----- Data extracts -----
lemma ennreal_set_integral_sq_eq_nn_integral:
  fixes f :: "real \<Rightarrow> real"
  assumes f: "(\<lambda>s. if s \<in> {0..T} then f s else 0) \<in> borel_measurable lborel"
    and bounded: "\<And>s. s \<in> {0..T} \<Longrightarrow> \<bar>f s\<bar> \<le> B" and T: "0 \<le> T"
  shows "ennreal (LINT s:{0..T}|lborel. (f s)\<^sup>2) = (\<integral>\<^sup>+s. indicator {0..T} s * ennreal ((f s)\<^sup>2) \<partial>lborel)"
proof -
  define fe where "fe s = (if s \<in> {0..T} then f s else 0)" for s
  have ind: "indicator {0..T} s * ennreal ((f s)\<^sup>2) = ennreal ((fe s)\<^sup>2)" for s
    by (simp add: fe_def indicator_def)
  have "ennreal ((fe s)\<^sup>2) \<le> ennreal (B\<^sup>2) * indicator {0..T} s" for s
    using bounded[of s] abs_le_square_iff[of "f s" B] by (auto simp: fe_def indicator_def intro!: ennreal_leI)
  then have "(\<integral>\<^sup>+ s. ennreal ((fe s)\<^sup>2) \<partial>lborel) \<le> (\<integral>\<^sup>+ s. ennreal (B\<^sup>2) * indicator {0..T} s \<partial>lborel)"
    by (rule nn_integral_mono)
  also have "\<dots> = ennreal (B\<^sup>2) * ennreal T"
    using T by (simp add: nn_integral_cmult_indicator)
  finally have finite: "(\<integral>\<^sup>+ s. ennreal ((fe s)\<^sup>2) \<partial>lborel) \<noteq> \<top>"
    by (auto simp: top_unique ennreal_mult_eq_top_iff)
  have "(LINT s:{0..T}|lborel. (f s)\<^sup>2) = integral\<^sup>L lborel (\<lambda>s. (fe s)\<^sup>2)"
    unfolding set_lebesgue_integral_def by (intro Bochner_Integration.integral_cong) (auto simp: fe_def)
  also have "\<dots> = enn2real (\<integral>\<^sup>+ s. ennreal ((fe s)\<^sup>2) \<partial>lborel)"
    using f by (intro integral_eq_nn_integral) (auto simp: fe_def)
  finally show ?thesis
    using finite by (simp add: ind ennreal_enn2real_if)
qed
lemma finite_geodesics_successors:
  assumes "p \<in> geodesics E r0 k"
  shows "finite {y. E (hd p) y \<and> gdist E r0 y = Suc k}"
proof -
  have "hd p \<in> V"
    using geodesicsD[OF assms] hd_in_set by blast
  then have "finite {y. E (hd p) y}"
    by (rule finite_neighbours)
  then show ?thesis
    by (rule rev_finite_subset) auto
qed

lemma finite_geodesics: "finite (geodesics E r0 k)"
  by (induction k) (auto intro: finite_geodesics_successors)

lemma sphere_subset_hd_geodesics: "sphere k \<subseteq> hd ` geodesics E r0 k"
proof
  fix y assume "y \<in> sphere k"
  then show "y \<in> hd ` geodesics E r0 k"
  proof (induction k arbitrary: y)
    case 0
    then show ?case using gdist_eq_0D root by (auto simp: sphere_def)
  next
    case (Suc k)
    then have y: "y \<in> V" "gdist E r0 y = Suc k"
      by (auto simp: sphere_def)
    then obtain z where z: "E z y" "gdist E r0 z = k"
      using gdist_SucE root by blast
    then obtain p where p: "p \<in> geodesics E r0 k" "hd p = z"
      using Suc.IH edge_in_V by (auto simp: sphere_def)
    then have "(p, y) \<in> (SIGMA p:geodesics E r0 k. {y. E (hd p) y \<and> gdist E r0 y = Suc k})"
      using z y by simp
    then have "y # p \<in> geodesics E r0 (Suc k)"
      unfolding geodesics.simps by (rule image_eqI[rotated]) simp
    then show ?case
      by (rule rev_image_eqI) simp
  qed
qed

lemma finite_sphere: "finite (sphere k)"
  by (rule finite_subset[OF sphere_subset_hd_geodesics finite_imageI[OF finite_geodesics]])

lemma deg_prod_tl_geodesic_pos: "p \<in> geodesics E r0 k \<Longrightarrow> deg_prod E (tl p) > 0"
proof (induction k arbitrary: p)
  case 0
  then show ?case by simp
next
  case (Suc k)
  then obtain q y where q: "p = y # q" "q \<in> geodesics E r0 k" "E (hd q) y"
    by auto
  then have "deg_prod E (tl p) = real (deg E (hd q)) * deg_prod E (tl q)"
    using geodesicsD[OF q(2)] by (cases q) auto
  then show ?case
    using Suc.IH[OF q(2)] deg_pos[OF q(3)] by simp
qed

text \<open>The geodesics of length \<open>k + 1\<close> extending \<open>p\<close> number at most \<open>deg (hd p)\<close>, which is
  exactly the factor by which \<open>deg_prod\<close> of their tails exceeds that of \<open>tl p\<close>.\<close>

lemma sum_inverse_deg_prod_le_1: "(\<Sum>p\<in>geodesics E r0 k. 1 / deg_prod E (tl p)) \<le> 1"
proof (induction k)
  case 0
  then show ?case by simp
next
  case (Suc k)
  define Y where "Y p = {y. E (hd p) y \<and> gdist E r0 y = Suc k}" for p
  have inj: "inj_on (\<lambda>(p, y). y # p) (SIGMA p:geodesics E r0 k. Y p)"
    by (auto simp: inj_on_def)
  have "(\<Sum>p\<in>geodesics E r0 (Suc k). 1 / deg_prod E (tl p))
      = (\<Sum>(p, y)\<in>(SIGMA p:geodesics E r0 k. Y p). 1 / deg_prod E p)"
    by (simp only: geodesics.simps Y_def[symmetric] sum.reindex[OF inj])
      (simp add: case_prod_beta)
  also have "\<dots> = (\<Sum>p\<in>geodesics E r0 k. real (card (Y p)) / deg_prod E p)"
    by (subst sum.Sigma[symmetric])
      (use finite_geodesics finite_geodesics_successors in \<open>auto simp: Y_def\<close>)
  also have "\<dots> \<le> (\<Sum>p\<in>geodesics E r0 k. 1 / deg_prod E (tl p))"
  proof (rule sum_mono)
    fix p assume p: "p \<in> geodesics E r0 k"
    then have hd_p: "hd p \<in> V" and p_Cons: "p = hd p # tl p"
      using geodesicsD[OF p] hd_in_set by auto
    have "card (Y p) \<le> deg E (hd p)"
      unfolding deg_def Y_def using finite_neighbours[OF hd_p] by (intro card_mono) auto
    then have "real (card (Y p)) / deg_prod E p \<le> real (deg E (hd p)) / deg_prod E p"
      by (intro divide_right_mono) (auto simp: deg_prod_nonneg)
    also have "\<dots> \<le> 1 / deg_prod E (tl p)"
      using deg_prod_tl_geodesic_pos[OF p] by (subst p_Cons) (cases "deg E (hd p) = 0", auto)
    finally show "real (card (Y p)) / deg_prod E p \<le> 1 / deg_prod E (tl p)" .
  qed
  finally show ?case using Suc.IH by linarith
qed

lemma card_sphere_le:
  assumes bound: "\<And>p. p \<in> geodesics E r0 k \<Longrightarrow> deg_prod E (tl p) \<le> M" and "M > 0"
  shows "real (card (sphere k)) \<le> M"
proof -
  have "(\<Sum>p\<in>geodesics E r0 k. 1 / M) \<le> (\<Sum>p\<in>geodesics E r0 k. 1 / deg_prod E (tl p))"
    using bound deg_prod_tl_geodesic_pos \<open>M > 0\<close> by (intro sum_mono divide_left_mono) auto
  then have "real (card (geodesics E r0 k)) / M \<le> 1"
    using sum_inverse_deg_prod_le_1[of k] by simp
  then have "real (card (geodesics E r0 k)) \<le> M"
    using \<open>M > 0\<close> by (simp add: divide_le_eq)
  moreover have "card (sphere k) \<le> card (geodesics E r0 k)"
    using sphere_subset_hd_geodesics finite_geodesics
    by (meson card_image_le card_mono finite_imageI le_trans)
  ultimately show ?thesis by linarith
qed

lemma deg_mult_deg_le:
  fixes \<gamma> :: real
  assumes "\<gamma> \<ge> 0" and deg_growth: "\<And>x. x \<in> V \<Longrightarrow> real (deg E x) \<le> A * exp (\<gamma> * gdist E r0 x)"
    and "x \<in> V" "E x y"
  shows "real (deg E x) * real (deg E y) \<le> A * A * exp \<gamma> * exp (2 * \<gamma> * gdist E r0 x)"
proof -
  have "A \<ge> 0"
    using deg_growth[OF root] by simp
  have "real (gdist E r0 y) \<le> real (gdist E r0 x) + 1"
    using gdist_edge_le[OF root assms(3,4)] by linarith
  then have "exp (\<gamma> * gdist E r0 y) \<le> exp (\<gamma> * (gdist E r0 x + 1))"
    using \<open>\<gamma> \<ge> 0\<close> by (simp add: mult_left_mono)
  then have "real (deg E y) \<le> A * exp (\<gamma> * (gdist E r0 x + 1))"
    using deg_growth[of y] edge_in_V[OF assms(4)] \<open>A \<ge> 0\<close>
    by (meson mult_left_mono order_trans)
  then have "real (deg E x) * real (deg E y)
      \<le> A * exp (\<gamma> * gdist E r0 x) * (A * exp (\<gamma> * (gdist E r0 x + 1)))"
    using deg_growth[OF assms(3)] by (intro mult_mono) auto
  also have "\<dots> = A * A * exp \<gamma> * exp (2 * \<gamma> * gdist E r0 x)"
    by (simp add: mult_exp_exp algebra_simps)
  finally show ?thesis .
qed

lemma card_edges_from_sphere_le:
  fixes \<gamma> :: real
  assumes "\<gamma> \<ge> 0" and deg_growth: "\<And>x. x \<in> V \<Longrightarrow> real (deg E x) \<le> A * exp (\<gamma> * gdist E r0 x)"
    and sphere_growth: "real (card (sphere k)) \<le> C * exp (\<kappa> * k)"
  shows "real (card (SIGMA x:sphere k. {y. E x y})) \<le> C * A * exp ((\<kappa> + \<gamma>) * k)"
proof -
  have "A \<ge> 0"
    using deg_growth[OF root] by simp
  have "real (card (SIGMA x:sphere k. {y. E x y})) = (\<Sum>x\<in>sphere k. real (deg E x))"
    using finite_sphere finite_neighbours by (subst card_SigmaI) (auto simp: deg_def sphere_def)
  also have "\<dots> \<le> real (card (sphere k)) * (A * exp (\<gamma> * k))"
    using deg_growth by (intro sum_bounded_above) (auto simp: sphere_def)
  also have "\<dots> \<le> C * exp (\<kappa> * k) * (A * exp (\<gamma> * k))"
    using sphere_growth \<open>A \<ge> 0\<close> by (intro mult_right_mono) auto
  also have "\<dots> = C * A * exp ((\<kappa> + \<gamma>) * k)"
    by (simp add: mult_exp_exp algebra_simps)
  finally show ?thesis .
qed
-----
Go through the entries above and pull out each line with "rule" in it.

    by (rule nn_integral_mono)
    by (rule finite_neighbours)
    by (rule rev_finite_subset) auto
      unfolding geodesics.simps by (rule image_eqI[rotated]) simp
      by (rule rev_image_eqI) simp
  by (rule finite_subset[OF sphere_subset_hd_geodesics finite_imageI[OF finite_geodesics]])
  proof (rule sum_mono)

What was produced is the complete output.